■ **Task goal**:
Check each line of the entries below for the string "ultimately"; copy every line where it appears.

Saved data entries
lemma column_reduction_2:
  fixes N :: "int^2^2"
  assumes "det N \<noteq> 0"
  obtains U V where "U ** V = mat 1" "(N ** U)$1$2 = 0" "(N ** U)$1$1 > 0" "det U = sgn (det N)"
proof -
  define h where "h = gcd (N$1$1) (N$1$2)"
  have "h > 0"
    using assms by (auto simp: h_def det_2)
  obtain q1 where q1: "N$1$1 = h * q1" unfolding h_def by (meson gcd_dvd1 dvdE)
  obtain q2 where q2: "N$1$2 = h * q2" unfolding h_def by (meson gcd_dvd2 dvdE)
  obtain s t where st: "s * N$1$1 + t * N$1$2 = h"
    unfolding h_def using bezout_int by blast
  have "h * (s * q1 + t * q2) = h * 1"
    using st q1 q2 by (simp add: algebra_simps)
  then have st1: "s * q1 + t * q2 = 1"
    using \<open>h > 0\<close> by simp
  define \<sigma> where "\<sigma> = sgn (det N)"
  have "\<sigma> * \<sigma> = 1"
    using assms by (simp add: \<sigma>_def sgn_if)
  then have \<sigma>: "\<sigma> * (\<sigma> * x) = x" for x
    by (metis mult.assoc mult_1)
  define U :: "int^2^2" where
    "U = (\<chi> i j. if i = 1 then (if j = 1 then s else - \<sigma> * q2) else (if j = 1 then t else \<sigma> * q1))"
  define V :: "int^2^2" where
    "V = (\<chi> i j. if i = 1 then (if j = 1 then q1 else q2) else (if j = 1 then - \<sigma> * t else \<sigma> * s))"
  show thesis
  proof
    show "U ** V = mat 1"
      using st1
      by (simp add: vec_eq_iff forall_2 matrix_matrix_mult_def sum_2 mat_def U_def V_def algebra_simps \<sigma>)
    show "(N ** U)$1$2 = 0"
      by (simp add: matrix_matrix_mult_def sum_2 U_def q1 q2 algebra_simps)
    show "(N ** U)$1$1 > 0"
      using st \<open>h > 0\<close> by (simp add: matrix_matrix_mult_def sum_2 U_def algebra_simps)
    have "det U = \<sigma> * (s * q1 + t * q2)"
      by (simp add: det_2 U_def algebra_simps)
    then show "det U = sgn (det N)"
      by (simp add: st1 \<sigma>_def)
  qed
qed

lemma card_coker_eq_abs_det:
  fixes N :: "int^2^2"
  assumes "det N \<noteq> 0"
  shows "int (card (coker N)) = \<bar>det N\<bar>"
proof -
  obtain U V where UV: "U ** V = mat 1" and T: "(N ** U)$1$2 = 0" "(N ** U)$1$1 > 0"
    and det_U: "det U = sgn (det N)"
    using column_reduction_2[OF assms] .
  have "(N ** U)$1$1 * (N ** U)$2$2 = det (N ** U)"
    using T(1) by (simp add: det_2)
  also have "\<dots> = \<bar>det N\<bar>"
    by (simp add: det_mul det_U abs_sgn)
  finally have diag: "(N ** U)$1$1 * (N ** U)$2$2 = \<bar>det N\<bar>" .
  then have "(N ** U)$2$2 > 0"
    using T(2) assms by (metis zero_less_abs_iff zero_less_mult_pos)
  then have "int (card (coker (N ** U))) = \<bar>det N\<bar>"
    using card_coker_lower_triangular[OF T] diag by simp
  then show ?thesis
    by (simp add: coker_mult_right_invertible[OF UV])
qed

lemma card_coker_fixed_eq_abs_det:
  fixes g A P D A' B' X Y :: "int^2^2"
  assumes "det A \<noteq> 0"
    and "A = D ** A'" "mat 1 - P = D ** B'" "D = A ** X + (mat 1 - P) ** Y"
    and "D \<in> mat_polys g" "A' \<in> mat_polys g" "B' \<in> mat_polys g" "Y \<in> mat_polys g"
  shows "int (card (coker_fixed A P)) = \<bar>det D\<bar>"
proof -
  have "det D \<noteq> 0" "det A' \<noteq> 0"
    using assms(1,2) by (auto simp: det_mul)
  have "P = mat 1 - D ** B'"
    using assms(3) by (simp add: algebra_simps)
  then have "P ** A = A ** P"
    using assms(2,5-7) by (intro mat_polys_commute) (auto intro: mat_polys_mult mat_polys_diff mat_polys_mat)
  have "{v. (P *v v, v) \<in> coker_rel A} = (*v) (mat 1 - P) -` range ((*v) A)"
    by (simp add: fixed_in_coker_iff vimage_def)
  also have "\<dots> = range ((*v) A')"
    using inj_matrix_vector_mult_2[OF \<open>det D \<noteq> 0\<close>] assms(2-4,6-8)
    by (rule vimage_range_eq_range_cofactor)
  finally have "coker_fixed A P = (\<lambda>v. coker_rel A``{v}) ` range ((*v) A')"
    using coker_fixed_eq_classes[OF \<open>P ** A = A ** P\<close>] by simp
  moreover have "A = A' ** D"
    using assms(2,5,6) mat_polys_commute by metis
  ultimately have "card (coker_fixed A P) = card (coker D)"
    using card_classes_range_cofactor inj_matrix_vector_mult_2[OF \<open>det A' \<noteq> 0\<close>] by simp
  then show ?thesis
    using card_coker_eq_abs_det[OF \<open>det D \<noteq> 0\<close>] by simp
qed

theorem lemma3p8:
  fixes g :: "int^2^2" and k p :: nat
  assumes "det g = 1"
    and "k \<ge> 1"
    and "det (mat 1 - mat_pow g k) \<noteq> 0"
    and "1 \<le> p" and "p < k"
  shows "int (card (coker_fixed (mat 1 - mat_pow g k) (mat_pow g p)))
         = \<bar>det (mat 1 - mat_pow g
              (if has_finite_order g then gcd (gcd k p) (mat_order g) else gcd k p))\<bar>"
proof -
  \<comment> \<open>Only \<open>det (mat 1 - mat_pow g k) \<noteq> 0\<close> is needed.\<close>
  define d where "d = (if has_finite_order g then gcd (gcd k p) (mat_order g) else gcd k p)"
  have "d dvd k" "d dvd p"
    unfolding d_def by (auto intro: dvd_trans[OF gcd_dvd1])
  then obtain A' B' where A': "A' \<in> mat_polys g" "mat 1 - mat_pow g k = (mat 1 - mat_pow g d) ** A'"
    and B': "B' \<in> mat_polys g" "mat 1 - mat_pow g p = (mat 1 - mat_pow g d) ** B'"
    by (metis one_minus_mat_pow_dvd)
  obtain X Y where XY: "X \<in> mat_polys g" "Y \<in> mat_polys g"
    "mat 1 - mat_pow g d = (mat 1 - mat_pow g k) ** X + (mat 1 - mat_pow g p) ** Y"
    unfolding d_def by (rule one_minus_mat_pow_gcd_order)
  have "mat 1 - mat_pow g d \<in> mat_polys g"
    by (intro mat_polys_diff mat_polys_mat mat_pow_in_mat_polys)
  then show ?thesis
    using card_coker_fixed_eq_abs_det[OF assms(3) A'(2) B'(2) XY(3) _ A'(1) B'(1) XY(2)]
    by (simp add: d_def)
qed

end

==

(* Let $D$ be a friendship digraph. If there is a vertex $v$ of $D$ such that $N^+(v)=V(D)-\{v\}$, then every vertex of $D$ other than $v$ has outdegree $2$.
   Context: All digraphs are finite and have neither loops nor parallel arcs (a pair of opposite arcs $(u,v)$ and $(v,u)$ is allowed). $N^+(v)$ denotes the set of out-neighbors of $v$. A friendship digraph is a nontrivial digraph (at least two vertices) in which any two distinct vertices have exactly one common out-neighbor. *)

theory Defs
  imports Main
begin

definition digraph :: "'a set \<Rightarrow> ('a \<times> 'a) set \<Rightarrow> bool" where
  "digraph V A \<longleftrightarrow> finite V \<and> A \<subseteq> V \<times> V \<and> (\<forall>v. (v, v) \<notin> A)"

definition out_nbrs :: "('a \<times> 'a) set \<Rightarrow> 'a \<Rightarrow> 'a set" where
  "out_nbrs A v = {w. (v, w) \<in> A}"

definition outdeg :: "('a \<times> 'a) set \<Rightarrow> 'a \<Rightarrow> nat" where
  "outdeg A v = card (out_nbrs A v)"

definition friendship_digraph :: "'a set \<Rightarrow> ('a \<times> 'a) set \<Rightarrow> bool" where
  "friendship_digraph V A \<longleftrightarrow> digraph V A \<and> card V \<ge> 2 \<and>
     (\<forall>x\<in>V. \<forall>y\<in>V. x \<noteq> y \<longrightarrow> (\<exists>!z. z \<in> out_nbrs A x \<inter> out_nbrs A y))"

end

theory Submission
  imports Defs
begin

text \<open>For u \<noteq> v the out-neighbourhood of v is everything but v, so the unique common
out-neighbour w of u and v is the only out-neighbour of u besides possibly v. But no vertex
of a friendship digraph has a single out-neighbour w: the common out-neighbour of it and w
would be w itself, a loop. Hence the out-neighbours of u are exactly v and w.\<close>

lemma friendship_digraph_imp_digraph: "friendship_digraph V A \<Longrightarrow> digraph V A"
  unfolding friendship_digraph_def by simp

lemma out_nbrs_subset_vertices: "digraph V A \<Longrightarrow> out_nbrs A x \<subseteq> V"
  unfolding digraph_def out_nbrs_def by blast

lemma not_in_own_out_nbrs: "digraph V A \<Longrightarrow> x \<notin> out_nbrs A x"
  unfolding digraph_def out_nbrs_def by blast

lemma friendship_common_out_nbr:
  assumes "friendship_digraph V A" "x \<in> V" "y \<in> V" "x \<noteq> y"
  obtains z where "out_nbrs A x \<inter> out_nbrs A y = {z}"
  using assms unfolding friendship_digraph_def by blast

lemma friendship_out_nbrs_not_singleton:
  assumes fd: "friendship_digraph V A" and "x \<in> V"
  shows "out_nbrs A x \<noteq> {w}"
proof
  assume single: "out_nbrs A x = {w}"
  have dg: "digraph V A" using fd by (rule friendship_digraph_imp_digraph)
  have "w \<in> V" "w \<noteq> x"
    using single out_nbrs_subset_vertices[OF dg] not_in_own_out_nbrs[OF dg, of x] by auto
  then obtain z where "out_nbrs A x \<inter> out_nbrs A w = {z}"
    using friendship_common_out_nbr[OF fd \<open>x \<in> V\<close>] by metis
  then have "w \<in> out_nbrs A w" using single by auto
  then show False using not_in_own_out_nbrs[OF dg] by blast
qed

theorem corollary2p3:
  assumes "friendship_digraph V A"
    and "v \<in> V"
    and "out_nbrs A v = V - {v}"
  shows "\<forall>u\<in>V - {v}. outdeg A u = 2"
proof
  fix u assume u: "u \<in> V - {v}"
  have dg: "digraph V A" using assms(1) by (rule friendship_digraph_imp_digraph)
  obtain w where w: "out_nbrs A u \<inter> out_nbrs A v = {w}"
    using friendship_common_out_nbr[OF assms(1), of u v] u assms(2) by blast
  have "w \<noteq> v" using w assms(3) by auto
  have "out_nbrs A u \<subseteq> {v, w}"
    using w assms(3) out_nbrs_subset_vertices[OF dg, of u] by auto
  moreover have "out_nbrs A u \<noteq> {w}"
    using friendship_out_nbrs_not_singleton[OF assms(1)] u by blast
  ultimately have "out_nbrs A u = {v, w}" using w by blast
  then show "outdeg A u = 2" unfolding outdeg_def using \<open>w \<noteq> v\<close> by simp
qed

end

■ **Exercise result**:
  ultimately have "card (coker_fixed A P) = card (coker D)"
  ultimately have "out_nbrs A u = {v, w}" using w by blast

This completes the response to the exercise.